Stored items
(* Let $\pi:L_{\mathcal F}\to L_{\mathcal G}$ satisfy (REG). Suppose $L^*_{\mathcal F}\hookrightarrow L^1_{\mathcal F}$ is a Banach lattice with the property: for any sequence $(\eta_n)_n\subseteq(L^*_{\mathcal F})_+$ with $\eta_n\eta_m=0$ for all $n\neq m$, there exists a sequence $(\alpha_n)_n\subseteq(0,+\infty)$ such that $\sum_n\alpha_n\eta_n\in(L^*_{\mathcal F})_+$. Let $X\in L_{\mathcal F}$ with $H(X)>-\infty$ $\mathbb P$-a.s. Then for every $\varepsilon>0$ there exists $Q_\varepsilon\in L^*_{\mathcal F}\cap\mathcal P$ such that $H(X)-K(X,Q_\varepsilon)<\varepsilon$.
   Context: Let $(\Omega,\mathcal F,\mathbb P)$ be a probability space, $\mathcal G\subseteq\mathcal F$ a sub-$\sigma$-algebra. (In)equalities hold $\mathbb P$-a.s. unless a measure is indicated ($\ge_Q$: $Q$-a.s.); $\sup,\inf$ are $\mathbb P$-essential. $L_{\mathcal F}\subseteq L^0(\Omega,\mathcal F,\mathbb P)$, $L_{\mathcal G}\subseteq L^0(\Omega,\mathcal G,\mathbb P)$ are vector lattices closed under multiplication by indicators of $\mathcal F$- (resp. $\mathcal G$-) measurable sets; the order continuous dual $L^*_{\mathcal F}$ of $(L_{\mathcal F},\ge)$ is a lattice contained in $L^1_{\mathcal F}=L^1(\Omega,\mathcal F,\mathbb P)$ (functionals $X\mapsto E_{\mathbb P}[ZX]$), closed under multiplication by indicators of sets in $\mathcal F$. $\mathcal P=\{\xi'\in L^1_{\mathcal F}:\xi'\ge0,E_{\mathbb P}[\xi']=1\}$, identified with probabilities $Q\ll\mathbb P$. (REG): $\pi(X\mathbf 1_A+Y\mathbf 1_{A^c})=\pi(X)\mathbf 1_A+\pi(Y)\mathbf 1_{A^c}$ for $A\in\mathcal G$. $K(X,Q):=\inf_{\xi\in L_{\mathcal F}}\{\pi(\xi)\mid E_Q[\xi\mid\mathcal G]\ge_Q E_Q[X\mid\mathcal G]\}$ and $H(X):=\sup_{Q\in L^*_{\mathcal F}\cap\mathcal P}K(X,Q)$. *)

theory Defs
  imports "HOL-Probability.Probability"
begin

text \<open>Random variables are represented by functions; the paper's equivalence classes
  are modelled by sets of functions that are saturated under P-a.s. equality.\<close>

definition ae_saturated :: "'a measure \<Rightarrow> 'a measure \<Rightarrow> ('a \<Rightarrow> real) set \<Rightarrow> bool" where
  "ae_saturated M N S \<longleftrightarrow> S \<subseteq> borel_measurable N \<and>
     (\<forall>X\<in>S. \<forall>Y\<in>borel_measurable N. (AE \<omega> in M. X \<omega> = Y \<omega>) \<longrightarrow> Y \<in> S)"

definition vector_lattice_fun :: "('a \<Rightarrow> real) set \<Rightarrow> bool" where
  "vector_lattice_fun S \<longleftrightarrow> (\<lambda>\<omega>. 0) \<in> S \<and>
     (\<forall>X\<in>S. \<forall>Y\<in>S. (\<lambda>\<omega>. X \<omega> + Y \<omega>) \<in> S) \<and>
     (\<forall>X\<in>S. \<forall>c::real. (\<lambda>\<omega>. c * X \<omega>) \<in> S) \<and>
     (\<forall>X\<in>S. \<forall>Y\<in>S. (\<lambda>\<omega>. max (X \<omega>) (Y \<omega>)) \<in> S)"

definition indicator_closed :: "'a measure \<Rightarrow> ('a \<Rightarrow> real) set \<Rightarrow> bool" where
  "indicator_closed N S \<longleftrightarrow> (\<forall>X\<in>S. \<forall>A\<in>sets N. (\<lambda>\<omega>. indicator A \<omega> * X \<omega>) \<in> S)"

definition banach_lattice_in_L1 :: "'a measure \<Rightarrow> ('a \<Rightarrow> real) set \<Rightarrow> (('a \<Rightarrow> real) \<Rightarrow> real) \<Rightarrow> bool" where
  "banach_lattice_in_L1 M S N \<longleftrightarrow>
     (\<forall>x\<in>S. N x \<ge> 0 \<and> (N x = 0 \<longleftrightarrow> (AE \<omega> in M. x \<omega> = 0))) \<and>
     (\<forall>x\<in>S. \<forall>y\<in>S. N (\<lambda>\<omega>. x \<omega> + y \<omega>) \<le> N x + N y) \<and>
     (\<forall>x\<in>S. \<forall>c::real. N (\<lambda>\<omega>. c * x \<omega>) = \<bar>c\<bar> * N x) \<and>
     (\<forall>x\<in>S. \<forall>y\<in>S. (AE \<omega> in M. \<bar>x \<omega>\<bar> \<le> \<bar>y \<omega>\<bar>) \<longrightarrow> N x \<le> N y) \<and>
     (\<forall>s::nat \<Rightarrow> 'a \<Rightarrow> real. (\<forall>n. s n \<in> S) \<and>
        (\<forall>e>0. \<exists>m. \<forall>n\<ge>m. \<forall>k\<ge>m. N (\<lambda>\<omega>. s n \<omega> - s k \<omega>) < e)
        \<longrightarrow> (\<exists>x\<in>S. (\<lambda>n. N (\<lambda>\<omega>. s n \<omega> - x \<omega>)) \<longlonglongrightarrow> 0)) \<and>
     (\<exists>C. \<forall>x\<in>S. (\<integral>\<omega>. \<bar>x \<omega>\<bar> \<partial>M) \<le> C * N x)"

■ What you will do ■
Repeat exactly the lines above from the one with "(\<forall>X\<in>S. \<forall>Y\<in>S. (\<lambda>\<omega>. max" up to and including the one with "(\<forall>x\<in>S. \<forall>c::real. N". No other line belongs in the reply.

■ Exercise answer ■
     (\<forall>X\<in>S. \<forall>Y\<in>S. (\<lambda>\<omega>. max (X \<omega>) (Y \<omega>)) \<in> S)"

definition indicator_closed :: "'a measure \<Rightarrow> ('a \<Rightarrow> real) set \<Rightarrow> bool" where
  "indicator_closed N S \<longleftrightarrow> (\<forall>X\<in>S. \<forall>A\<in>sets N. (\<lambda>\<omega>. indicator A \<omega> * X \<omega>) \<in> S)"

definition banach_lattice_in_L1 :: "'a measure \<Rightarrow> ('a \<Rightarrow> real) set \<Rightarrow> (('a \<Rightarrow> real) \<Rightarrow> real) \<Rightarrow> bool" where
  "banach_lattice_in_L1 M S N \<longleftrightarrow>
     (\<forall>x\<in>S. N x \<ge> 0 \<and> (N x = 0 \<longleftrightarrow> (AE \<omega> in M. x \<omega> = 0))) \<and>
     (\<forall>x\<in>S. \<forall>y\<in>S. N (\<lambda>\<omega>. x \<omega> + y \<omega>) \<le> N x + N y) \<and>
     (\<forall>x\<in>S. \<forall>c::real. N (\<lambda>\<omega>. c * x \<omega>) = \<bar>c\<bar> * N x) \<and>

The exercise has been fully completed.